Source data:
-- Opening Marker --

theorem mainTheorem6:
  fixes t :: "int \<Rightarrow> int \<Rightarrow> real" and m :: nat
  assumes "m \<ge> 1"
    and pos: "\<And>i j. t i j > 0"
    and per1: "\<And>i j. t (i + int m) (j - int m) = t i j"
    and per2: "\<And>i j. t (i + 2) (j + 2) = t i j"
  shows "(\<forall>i j k. odd (i + j + int k) \<longrightarrow>
            Tsys t i j k = su t (int k - 1) ((i - j + int k - 1) div 2)
                         * sv t (int k - 2) ((i - j + int k - 1) div 2)
                         * theta t i j k)
       \<and> (\<forall>i j k. k \<ge> 1 \<longrightarrow> even (i + j + int k) \<longrightarrow>
            (let L = Tsys t (i+1) j k * Tsys t (i-1) j k / (Tsys t i j (k+1) * Tsys t i j (k-1));
                 R = Tsys t i (j+1) k * Tsys t i (j-1) k / (Tsys t i j (k+1) * Tsys t i j (k-1));
                 \<alpha> = (i - j) div 2; \<beta> = (i - j - 1) div 2;
                 A = sa t \<alpha> * sb t (\<alpha>-1) + sa t (\<alpha>-1) * sb t \<alpha>;
                 C = sc t \<beta> * sd t (\<beta>+1) + sc t (\<beta>+1) * sd t \<beta>
             in (even k \<and> (i + j + int k) mod 4 = 0 \<longrightarrow> L = sa t \<alpha> * sb t (\<alpha>-1) / A)
              \<and> (even k \<and> (i + j + int k) mod 4 = 2 \<longrightarrow> L = sa t (\<alpha>-1) * sb t \<alpha> / A)
              \<and> (odd k \<and> (i + j + int k) mod 4 = 0 \<longrightarrow> L = sc t (\<beta>+1) * sd t \<beta> / C)
              \<and> (odd k \<and> (i + j + int k) mod 4 = 2 \<longrightarrow> L = sc t \<beta> * sd t (\<beta>+1) / C)
              \<and> R = 1 - L))"
proof (intro conjI allI impI, goal_cases)
  case (1 i j k)
  then show ?case using closed_form[where t=t, OF pos per2] by (simp add: tsol_def uv_def)
next
  case (2 i j k)
  then have k1: "k \<ge> 1" and ev: "even (i + j + int k)" by simp_all
  note theta_values = theta_even_0[where t=t and i=i and j=j, OF per2 k1]
    theta_even_2[where t=t and i=i and j=j, OF per2 k1] theta_odd_0[where t=t and i=i and j=j, OF per2 k1]
    theta_odd_2[where t=t and i=i and j=j, OF per2 k1]
  show ?case
    unfolding Let_def neighbour_ratios[where t=t, OF pos per2 k1 ev]
    by (intro conjI impI refl; elim conjE; simp only: theta_values not_False_eq_True; simp add: add.commute)
qed

end
(* Let $(G,\mathcal{A})$ be a local convergence pairing on $X$, and let $B,A_1,\dots,A_m\in\mathcal{A}$ be a crossing sequence. Let $(f_i)\subset G$ act as a convergence sequence on $B$ with attractor $p$ and repeller $n$. If for all $1\le j\le m$ we have $n\notin A_j$ and $f_i^{-1}(p)\notin A_j$ for all $i$, then $f_i(A_j)\to p$ for all $1\le j\le m$.
   Context: $X$ is a Peano continuum (compact, connected, locally connected metric space) without cut points and $G$ acts on $X$ by homeomorphisms; $\mathcal{A}$ is a $G$-invariant collection of closed subsets of $X$. For a closed set $S\subset X$ and connected $B,C\subset X\setminus S$, $S$ separates $B$ from $C$ if they lie in different components of $X\setminus S$; $S$ separates $Y$ if it separates two points of $Y$. Closed sets $A,B$ cross if $A\cap B\neq\emptyset$ or ($A$ separates $B$ and $B$ separates $A$). A crossing sequence is a sequence $A_1,\dots,A_n$ with $A_i$ crossing $A_{i+1}$ for $1\le i<n$. For $S\subset X$ and $p\in X$, $g_i(S)\to p$ means every neighborhood of $p$ contains $g_i(S)$ for all large $i$. A sequence $(g_i)$ of homeomorphisms of a space $Y$ is a convergence sequence on $Y$ with repeller $n$ and attractor $p$ if $g_i(C)\to p$ for every compact $C\subset Y\setminus\{n\}$; a sequence in $G$ acting as a convergence sequence on $A\in\mathcal{A}$ means its elements preserve $A$ and their restrictions form a convergence sequence on $A$. A group acts as a convergence group on $Y$ if every sequence of distinct elements has a subsequence that is a convergence sequence on $Y$. $(G,\mathcal{A})$ is a local convergence pairing on $X$ if: (1) $|A|>2$ for all $A\in\mathcal{A}$; (2) for each $\epsilon>0$ only finitely many $A\in\mathcal{A}$ have diameter $>\epsilon$; (3) for any $x,y\in X$ some finite $\mathcal{B}\subset\mathcal{A}$ has $\bigcup\mathcal{B}$ separating $x$ from $y$; (4) each stabilizer $\mathrm{Stab}(A)=\{g: g(A)=A\}$ acts as a convergence group on $A$; (5) for any $A,B\in\mathcal{A}$ with $|A\cap B|\le 2$: if $A\cap B=\{c\}$ then for any $b\in B\setminus\{c\}$ there is a finite crossing sequence $A,A_1,\dots,A_n,B$ in $\mathcal{A}$ with $\{b,c\}\cap A_i=\emptyset$ for $1\le i\le n$; if $|A\cap B|\ne1$ there is a crossing sequence $A,A_1,\dots,A_n,B$ in $\mathcal{A}$ with $(A\cap B)\cap A_i=\emptyset$ for $1\le i\le n$. *)

theory Defs
  imports "HOL-Analysis.Analysis" "HOL-Algebra.Group_Action"
begin

definition peano_continuum :: "'a::metric_space set \<Rightarrow> bool" where
  "peano_continuum X \<longleftrightarrow> X \<noteq> {} \<and> compact X \<and> connected X \<and> locally connected X"

definition no_cut_points :: "'a::topological_space set \<Rightarrow> bool" where
  "no_cut_points X \<longleftrightarrow> (\<forall>x\<in>X. connected (X - {x}))"

definition separates_pts :: "'a::topological_space set \<Rightarrow> 'a set \<Rightarrow> 'a \<Rightarrow> 'a \<Rightarrow> bool" where
  "separates_pts X S x y \<longleftrightarrow> x \<in> X - S \<and> y \<in> X - S \<and> y \<notin> connected_component_set (X - S) x"

definition separates :: "'a::topological_space set \<Rightarrow> 'a set \<Rightarrow> 'a set \<Rightarrow> bool" where
  "separates X S Y \<longleftrightarrow> (\<exists>x\<in>Y. \<exists>y\<in>Y. separates_pts X S x y)"

definition crosses :: "'a::topological_space set \<Rightarrow> 'a set \<Rightarrow> 'a set \<Rightarrow> bool" where
  "crosses X A B \<longleftrightarrow> A \<inter> B \<noteq> {} \<or> (separates X A B \<and> separates X B A)"

definition crossing_seq :: "'a::topological_space set \<Rightarrow> 'a set list \<Rightarrow> bool" where
  "crossing_seq X L \<longleftrightarrow> (\<forall>i. Suc i < length L \<longrightarrow> crosses X (L ! i) (L ! Suc i))"

definition sets_tend_to :: "(nat \<Rightarrow> 'a::topological_space set) \<Rightarrow> 'a \<Rightarrow> bool" where
  "sets_tend_to S p \<longleftrightarrow> (\<forall>U. open U \<and> p \<in> U \<longrightarrow> (\<forall>\<^sub>F i in sequentially. S i \<subseteq> U))"

definition conv_seq_maps :: "'a::topological_space set \<Rightarrow> (nat \<Rightarrow> 'a \<Rightarrow> 'a) \<Rightarrow> 'a \<Rightarrow> 'a \<Rightarrow> bool" where
  "conv_seq_maps Y h n p \<longleftrightarrow> n \<in> Y \<and> p \<in> Y \<and>
     (\<forall>C. compact C \<and> C \<subseteq> Y - {n} \<longrightarrow> sets_tend_to (\<lambda>i. h i ` C) p)"

definition acts_conv_seq :: "('g, 'c) monoid_scheme \<Rightarrow> ('g \<Rightarrow> 'a::topological_space \<Rightarrow> 'a)
    \<Rightarrow> (nat \<Rightarrow> 'g) \<Rightarrow> 'a set \<Rightarrow> 'a \<Rightarrow> 'a \<Rightarrow> bool" where
  "acts_conv_seq G \<phi> f A n p \<longleftrightarrow> (\<forall>i. f i \<in> carrier G \<and> \<phi> (f i) ` A = A) \<and>
     conv_seq_maps A (\<lambda>i. \<phi> (f i)) n p"

definition Stab :: "('g, 'c) monoid_scheme \<Rightarrow> ('g \<Rightarrow> 'a \<Rightarrow> 'a) \<Rightarrow> 'a set \<Rightarrow> 'g set" where
  "Stab G \<phi> A = {g \<in> carrier G. \<phi> g ` A = A}"

definition conv_group_on :: "('g, 'c) monoid_scheme \<Rightarrow> ('g \<Rightarrow> 'a::topological_space \<Rightarrow> 'a)
    \<Rightarrow> 'g set \<Rightarrow> 'a set \<Rightarrow> bool" where
  "conv_group_on G \<phi> H A \<longleftrightarrow> (\<forall>f::nat \<Rightarrow> 'g. (\<forall>i. f i \<in> H) \<and> inj f \<longrightarrow>
     (\<exists>(r::nat \<Rightarrow> nat) n p. strict_mono r \<and> acts_conv_seq G \<phi> (f \<circ> r) A n p))"

definition acts_by_homeos :: "('g, 'c) monoid_scheme \<Rightarrow> 'a::topological_space set \<Rightarrow> ('g \<Rightarrow> 'a \<Rightarrow> 'a) \<Rightarrow> bool" where
  "acts_by_homeos G X \<phi> \<longleftrightarrow> group_action G X \<phi> \<and>
     (\<forall>g\<in>carrier G. homeomorphism X X (\<phi> g) (\<phi> (inv\<^bsub>G\<^esub> g)))"

definition local_convergence_pairing ::
  "('g, 'c) monoid_scheme \<Rightarrow> ('g \<Rightarrow> 'a::metric_space \<Rightarrow> 'a) \<Rightarrow> 'a set set \<Rightarrow> 'a set \<Rightarrow> bool" where
  "local_convergence_pairing G \<phi> \<A> X \<longleftrightarrow>
     \<comment> \<open>standing: \<A> is a G-invariant collection of closed subsets of X\<close>
     (\<forall>A\<in>\<A>. closed A \<and> A \<subseteq> X) \<and>
     (\<forall>g\<in>carrier G. \<forall>A\<in>\<A>. \<phi> g ` A \<in> \<A>) \<and>
     \<comment> \<open>(1)\<close>
     (\<forall>A\<in>\<A>. infinite A \<or> card A > 2) \<and>
     \<comment> \<open>(2)\<close>
     (\<forall>\<epsilon>>0. finite {A\<in>\<A>. diameter A > \<epsilon>}) \<and>
     \<comment> \<open>(3)\<close>
     (\<forall>x\<in>X. \<forall>y\<in>X. x \<noteq> y \<longrightarrow>
        (\<exists>\<B>. finite \<B> \<and> \<B> \<subseteq> \<A> \<and> separates_pts X (\<Union>\<B>) x y)) \<and>
     \<comment> \<open>(4)\<close>
     (\<forall>A\<in>\<A>. conv_group_on G \<phi> (Stab G \<phi> A) A) \<and>
     \<comment> \<open>(5)\<close>
     (\<forall>A\<in>\<A>. \<forall>B\<in>\<A>. finite (A \<inter> B) \<and> card (A \<inter> B) \<le> 2 \<longrightarrow>
        (\<forall>c. A \<inter> B = {c} \<longrightarrow>
           (\<forall>b\<in>B - {c}. \<exists>As. set As \<subseteq> \<A> \<and> crossing_seq X (A # As @ [B]) \<and>
               (\<forall>Ai\<in>set As. b \<notin> Ai \<and> c \<notin> Ai))) \<and>
        (card (A \<inter> B) \<noteq> 1 \<longrightarrow>
           (\<exists>As. set As \<subseteq> \<A> \<and> crossing_seq X (A # As @ [B]) \<and>
               (\<forall>Ai\<in>set As. A \<inter> B \<inter> Ai = {}))))"

end

theory Submission
  imports Defs
begin

text \<open>
  If the images f_i(A) did not converge to p, infinitely many of them would avoid a fixed ball
  around p: only finitely many members of the pairing are large, so infinitely many large images
  coincide with a single closed set missing p. That is impossible once A contains a point whose
  orbit tends to p, or separates two such points x and y: pulling back by f_i a small connected
  neighbourhood of p containing f_i(x) and f_i(y) would join x and y in X - A.
  Along the crossing sequence, A_1 meets or separates B - {n}, all of whose points have orbits
  tending to p; a separated point equal to the repeller can be replaced by a nearby point of B in
  its component of X - A_1, because n is not isolated in B (B has more than two points and is
  preserved by the f_i). Each A_(j+1) in turn meets or separates A_j, whose points have orbits
  tending to p.
\<close>

lemma tendsto_of_sets_tend_to:
  assumes "sets_tend_to S p" and "\<And>i. s i \<in> S i"
  shows "s \<longlonglongrightarrow> p"
proof (rule topological_tendstoI)
  fix U assume "open U" "p \<in> U"
  then have "\<forall>\<^sub>F i in sequentially. S i \<subseteq> U"
    using assms(1) unfolding sets_tend_to_def by blast
  then show "\<forall>\<^sub>F i in sequentially. s i \<in> U"
    by (rule eventually_mono) (use assms(2) in blast)
qed

lemma conv_seq_maps_tendsto:
  assumes "conv_seq_maps B h n p" and "t \<in> B - {n}"
  shows "(\<lambda>i. h i t) \<longlonglongrightarrow> p"
proof (rule tendsto_of_sets_tend_to)
  have "compact {t} \<and> {t} \<subseteq> B - {n}" using assms(2) by simp
  then show "sets_tend_to (\<lambda>i. h i ` {t}) p" using assms(1) unfolding conv_seq_maps_def by blast
qed simp

lemma frequently_disjoint_ball_if_not_sets_tend_to:
  fixes S :: "nat \<Rightarrow> 'a::metric_space set"
  assumes small: "\<forall>\<epsilon>>0. finite {A\<in>\<A>. diameter A > \<epsilon>}"
    and S: "\<And>i. S i \<in> \<A>" "\<And>i. closed (S i)" "\<And>i. bounded (S i)" "\<And>i. p \<notin> S i"
    and not_tend: "\<not> sets_tend_to S p"
  shows "\<exists>\<delta>>0. \<exists>\<^sub>F i in sequentially. S i \<inter> ball p \<delta> = {}"
proof -
  obtain U where U: "open U" "p \<in> U" and leave: "\<exists>\<^sub>F i in sequentially. \<not> S i \<subseteq> U"
    using not_tend unfolding sets_tend_to_def by (auto simp: not_eventually)
  obtain e where e: "e > 0" "ball p e \<subseteq> U"
    using U open_contains_ball by blast
  define \<epsilon> where "\<epsilon> = e / 2"
  define F where "F = {A\<in>\<A>. diameter A > \<epsilon> / 2}"
  have "finite F" unfolding F_def by (rule small[rule_format]) (use e(1) \<epsilon>_def in simp)
  have large_or_far: "S i \<in> F \<or> S i \<inter> ball p \<epsilon> = {}" if out: "\<not> S i \<subseteq> U" for i
  proof (rule disjCI)
    assume "S i \<inter> ball p \<epsilon> \<noteq> {}"
    then obtain z1 where z1: "z1 \<in> S i" "dist p z1 < \<epsilon>" by auto
    obtain z2 where z2: "z2 \<in> S i" "z2 \<notin> U" using out by auto
    have "e \<le> dist p z2" using z2(2) e(2) by (auto simp: subset_eq not_less)
    then have "\<epsilon> / 2 < dist z1 z2"
      using e(1) z1(2) dist_triangle[of p z2 z1] unfolding \<epsilon>_def by (simp add: dist_commute)
    also have "dist z1 z2 \<le> diameter (S i)"
      using diameter_bounded_bound[OF S(3) z1(1) z2(1)] .
    finally show "S i \<in> F" using S(1) unfolding F_def by simp
  qed
  from leave have "\<exists>\<^sub>F i in sequentially. S i \<in> F \<or> S i \<inter> ball p \<epsilon> = {}"
    by (rule frequently_elim1) (rule large_or_far)
  then consider "\<exists>\<^sub>F i in sequentially. S i \<in> F" | "\<exists>\<^sub>F i in sequentially. S i \<inter> ball p \<epsilon> = {}"
    by (auto simp: frequently_disj_iff)
  then show ?thesis
  proof cases
    case 1
    \<comment> \<open>only finitely many sets are large, so one of them recurs, and it misses a ball around p\<close>
    then have "\<exists>\<^sub>F i in sequentially. \<exists>C\<in>F. S i = C" by (rule frequently_elim1) blast
    from frequently_bex_finite[OF \<open>finite F\<close> this]
    obtain C where C: "\<exists>\<^sub>F i in sequentially. S i = C" by blast
    then obtain i where "S i = C" using frequently_ex by blast
    then have "open (- C)" "p \<in> - C" using S(2,4) by auto
    then obtain \<delta> where \<delta>: "\<delta> > 0" "ball p \<delta> \<subseteq> - C" using open_contains_ball by blast
    have "\<exists>\<^sub>F i in sequentially. S i \<inter> ball p \<delta> = {}"
      using C by (rule frequently_elim1) (use \<delta>(2) in auto)
    then show ?thesis using \<delta>(1) by blast
  next
    case 2
    then show ?thesis using e(1) \<epsilon>_def by auto
  qed
qed
definition suitable :: "nat \<Rightarrow> nat \<Rightarrow> nat \<Rightarrow> nat \<Rightarrow> (nat \<Rightarrow> nat \<times> nat) \<Rightarrow> nat set \<Rightarrow> nat set \<Rightarrow> bool" where
  "suitable q n r1 r2 T Dstar Dbar \<longleftrightarrow>
     complete_reps (cyc q n) Dstar Dbar \<and> restricted_reps q r1 r2 (T ` Dstar) (T ` Dbar)"

definition zn_iso :: "nat \<Rightarrow> nat \<Rightarrow> nat \<Rightarrow> (nat \<Rightarrow> nat \<times> nat) \<Rightarrow> bool" where
  "zn_iso n r1 r2 T \<longleftrightarrow>
     bij_betw T {0..<n} ({0..<r1} \<times> {0..<r2}) \<and>
     (\<forall>x<n. \<forall>y<n. T ((x + y) mod n) =
        ((fst (T x) + fst (T y)) mod r1, (snd (T x) + snd (T y)) mod r2))"

definition Omega1 :: "nat \<Rightarrow> nat \<Rightarrow> nat set" where
  "Omega1 q m = {q ^ i mod (q ^ m - 1) | i. i < m}"

definition B1 :: "nat \<Rightarrow> nat \<Rightarrow> nat set" where
  "B1 q m = {2 * q ^ i mod (q ^ m - 1) | i. i < m}"

definition B2 :: "nat \<Rightarrow> nat \<Rightarrow> nat set" where
  "B2 q m = {(q ^ i + q ^ j) mod (q ^ m - 1) | i j. i < j \<and> j < m}"

definition Dstar :: "nat \<Rightarrow> nat \<Rightarrow> nat set" where
  "Dstar q m = Omega1 q m \<union> B1 q m \<union> B2 q m"

end

theory Submission
  imports Defs "HOL-Number_Theory.Cong"
begin

(*
  T_1 is multiplication by the unit u = T_1(1) modulo r1 = q^a - 1. Hence two elements of Dbar are
  ~-equivalent iff they have the same T_1-image, and since T(Dbar) is a set of restricted
  representatives, e |-> C_r1(T_1(e)) maps U bijectively onto the q-cyclotomic cosets modulo r1
  met by u D*. Multiplication by u permutes cosets, and as q^a = 1 modulo r1 every element of D*
  lies, up to a power of q, in the coset of 1, of 2, or of 1 + q^k with 1 <= k <= a/2. These
  2 + a/2 cosets are distinct: for q > 2 all sums q^j + q^l with j <> l < a stay below q^a - 1,
  so a coincidence of cosets becomes an equality of base-q expansions. Finally 1 and 2 already
  represent the cosets of Omega(1) and B_1 in Dbar, so all other elements of U lie in B_2.
*)

section \<open>Cyclotomic cosets\<close>

lemma mod_in_cyc: "x mod r \<in> cyc q r x"
  unfolding cyc_def by (auto intro!: exI[of _ 0])

lemma cyc_cong:
  assumes "[x = y] (mod r)"
  shows "cyc q r x = cyc q r y"
proof -
  have "x * q ^ i mod r = y * q ^ i mod r" for i
    using cong_scalar_right[OF assms] by (simp add: cong_def)
  then show ?thesis
    unfolding cyc_def by simp
qed

lemma cyc_mod: "cyc q r (x mod r) = cyc q r x"
  by (rule cyc_cong) (simp add: cong_def)

lemma cyc_mod_dvd:
  assumes "r dvd n"
  shows "cyc q r (x mod n) = cyc q r x"
  using assms by (intro cyc_cong) (simp add: cong_def mod_mod_cancel)

lemma cyc_mult: "cyc q r (x * u) = (\<lambda>z. z * u mod r) ` cyc q r x"
proof -
  have "x * u * q ^ i mod r = (x * q ^ i mod r) * u mod r" for i
    by (metis mod_mult_left_eq mult.assoc mult.commute)
  then show ?thesis
    unfolding cyc_def by auto
qed

lemma cyc_mult_cancel:
  assumes "coprime u r" and "cyc q r (x * u) = cyc q r (y * u)"
  shows "cyc q r x = cyc q r y"
proof -
  obtain w where w: "[u * w = 1] (mod r)"
    using cong_solve_coprime_nat[OF assms(1)] by auto
  have inverse: "cyc q r (z * u * w) = cyc q r z" for z
    using cong_scalar_left[OF w, of z] by (intro cyc_cong) (simp add: mult.assoc)
  have "cyc q r x = (\<lambda>z. z * w mod r) ` cyc q r (x * u)"
    by (simp add: inverse cyc_mult[symmetric])
  also have "\<dots> = cyc q r y"
    by (simp add: assms(2) inverse cyc_mult[symmetric])
  finally show ?thesis .
qed

lemma card_cyc_image_mult:
  assumes "coprime u r"
  shows "card ((\<lambda>e. cyc q r (e * u)) ` D) = card (cyc q r ` D)"
proof -
  let ?M = "\<lambda>C. (\<lambda>z. z * u mod r) ` C"
  have "(\<lambda>e. cyc q r (e * u)) ` D = ?M ` cyc q r ` D"
    by (simp add: cyc_mult image_image)
  moreover have "inj_on ?M (cyc q r ` D)"
  proof (rule inj_onI)
    fix C C' assume "C \<in> cyc q r ` D" "C' \<in> cyc q r ` D" and M: "?M C = ?M C'"
    then obtain x y where C: "C = cyc q r x" and C': "C' = cyc q r y"
      by blast
    have "cyc q r (x * u) = cyc q r (y * u)"
      using M unfolding C C' cyc_mult .
    then show "C = C'"
      unfolding C C' by (rule cyc_mult_cancel[OF assms])
  qed
  ultimately show ?thesis
    by (simp add: card_image)
qed

context
  fixes q a r :: nat
  assumes period: "[q ^ a = 1] (mod r)" and a_pos: "0 < a"
begin

lemma pow_cong_pow_mod: "[q ^ i = q ^ (i mod a)] (mod r)"
proof -
  have "[(q ^ a) ^ (i div a) * q ^ (i mod a) = 1 ^ (i div a) * q ^ (i mod a)] (mod r)"
    by (intro cong_scalar_right cong_pow period)
  then show ?thesis
    by (simp flip: power_mult power_add)
qed

lemma cyc_pow_mult: "cyc q r (q ^ i * x) = cyc q r x"
proof
  show "cyc q r (q ^ i * x) \<subseteq> cyc q r x"
  proof
    fix z assume "z \<in> cyc q r (q ^ i * x)"
    then obtain j where "z = q ^ i * x * q ^ j mod r"
      unfolding cyc_def by auto
    also have "q ^ i * x * q ^ j = x * q ^ (i + j)"
      by (simp add: power_add)
    finally show "z \<in> cyc q r x"
      unfolding cyc_def by blast
  qed
  show "cyc q r x \<subseteq> cyc q r (q ^ i * x)"
  proof
    fix z assume "z \<in> cyc q r x"
    then obtain j where z: "z = x * q ^ j mod r"
      unfolding cyc_def by auto
    have "[x * q ^ j * (q ^ a) ^ i = x * q ^ j * 1 ^ i] (mod r)"
      by (intro cong_scalar_left cong_pow period)
    moreover have "(q ^ a) ^ i = q ^ i * q ^ ((a - 1) * i)"
    proof -
      have "a * i = i + (a - 1) * i"
        using a_pos by (simp add: diff_mult_distrib)
      then show ?thesis
        by (simp add: power_add flip: power_mult)
    qed
    ultimately have "z = q ^ i * x * q ^ (j + (a - 1) * i) mod r"
      using z by (simp add: cong_def power_add mult.assoc mult.left_commute)
    then show "z \<in> cyc q r (q ^ i * x)"
      unfolding cyc_def by blast
  qed
qed

lemma cyc_eq_iff_mod_in_cyc: "x mod r \<in> cyc q r y \<longleftrightarrow> cyc q r x = cyc q r y"
proof
  assume "x mod r \<in> cyc q r y"
  then obtain i where "[x = q ^ i * y] (mod r)"
    unfolding cyc_def cong_def by (auto simp: ac_simps)
  then show "cyc q r x = cyc q r y"
    by (simp add: cyc_cong cyc_pow_mult)
qed (metis mod_in_cyc)

lemma cyc_eq_imp_cong_pow:
  assumes "cyc q r x = cyc q r y"
  shows "\<exists>j<a. [x = q ^ j * y] (mod r)"
proof -
  obtain i where "[x = y * q ^ i] (mod r)"
    using mod_in_cyc[of x r q] assms unfolding cyc_def cong_def by auto
  moreover have "[y * q ^ i = q ^ (i mod a) * y] (mod r)"
    using cong_scalar_left[OF pow_cong_pow_mod] by (simp add: ac_simps)
  ultimately show ?thesis
    using a_pos cong_trans by (intro exI[of _ "i mod a"]) auto
qed

end

section \<open>Cosets modulo q^a - 1 met by D*\<close>

lemma pow_cong_one_mod_pow_minus_one:
  fixes q a :: nat
  assumes "0 < q"
  shows "[q ^ a = 1] (mod q ^ a - 1)"
proof -
  have "0 < q ^ a"
    using assms by simp
  then have "q ^ a = (q ^ a - 1) + 1"
    by simp
  then show ?thesis
    by (metis cong_def mod_add_self1)
qed

lemma not_dvd_one_plus_pow:
  fixes q :: nat
  assumes "2 \<le> q" and "0 < k"
  shows "\<not> q dvd 1 + q ^ k"
  using assms dvd_add_left_iff[of q "q ^ k" 1] by simp

lemma one_plus_pow_ne_pow:
  fixes q :: nat
  assumes "2 \<le> q" and "0 < k"
  shows "1 + q ^ k \<noteq> q ^ j"
  using not_dvd_one_plus_pow[OF assms] assms by (cases j) auto

lemma one_plus_pow_eq_pows:
  fixes q :: nat
  assumes "2 \<le> q" and "0 < k" and "1 + q ^ k = q ^ j + q ^ l"
  shows "j = 0 \<and> l = k \<or> j = k \<and> l = 0"
proof -
  have "j = 0 \<or> l = 0"
  proof (rule ccontr)
    assume "\<not> (j = 0 \<or> l = 0)"
    then have "q dvd q ^ j + q ^ l"
      by simp
    then show False
      using not_dvd_one_plus_pow[OF assms(1,2)] assms(3) by simp
  qed
  then show ?thesis
    using assms by auto
qed

definition coset_leaders :: "nat \<Rightarrow> nat \<Rightarrow> nat set" where
  "coset_leaders q a = {1, 2} \<union> (\<lambda>k. 1 + q ^ k) ` {1..a div 2}"

lemma card_coset_leaders:
  fixes q :: nat
  assumes "2 \<le> q"
  shows "card (coset_leaders q a) = 2 + a div 2"
proof -
  let ?A = "(\<lambda>k. 1 + q ^ k) ` {1..a div 2}"
  have "inj_on (\<lambda>k. 1 + q ^ k) {1..a div 2}"
    using assms by (auto intro!: inj_onI)
  then have "card ?A = a div 2"
    by (simp add: card_image)
  moreover have "x \<notin> ?A" if "x \<le> 2" for x
  proof
    assume "x \<in> ?A"
    then obtain k where "1 \<le> k" and "x = 1 + q ^ k"
      by auto
    then show False
      using that assms self_le_power[of q k] by linarith
  qed
  ultimately show ?thesis
    unfolding coset_leaders_def by (simp add: card_insert_disjoint)
qed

-- Closing Marker --

• [Assignment] A word-for-word copy of the lines above from the one with "using diameter_bounded_bound[OF S(3)" through the one with "frequently_ex by blast", inclusive, is the only output wanted.

• [Result for this task]
      using diameter_bounded_bound[OF S(3) z1(1) z2(1)] .
    finally show "S i \<in> F" using S(1) unfolding F_def by simp
  qed
  from leave have "\<exists>\<^sub>F i in sequentially. S i \<in> F \<or> S i \<inter> ball p \<epsilon> = {}"
    by (rule frequently_elim1) (rule large_or_far)
  then consider "\<exists>\<^sub>F i in sequentially. S i \<in> F" | "\<exists>\<^sub>F i in sequentially. S i \<inter> ball p \<epsilon> = {}"
    by (auto simp: frequently_disj_iff)
  then show ?thesis
  proof cases
    case 1
    \<comment> \<open>only finitely many sets are large, so one of them recurs, and it misses a ball around p\<close>
    then have "\<exists>\<^sub>F i in sequentially. \<exists>C\<in>F. S i = C" by (rule frequently_elim1) blast
    from frequently_bex_finite[OF \<open>finite F\<close> this]
    obtain C where C: "\<exists>\<^sub>F i in sequentially. S i = C" by blast
    then obtain i where "S i = C" using frequently_ex by blast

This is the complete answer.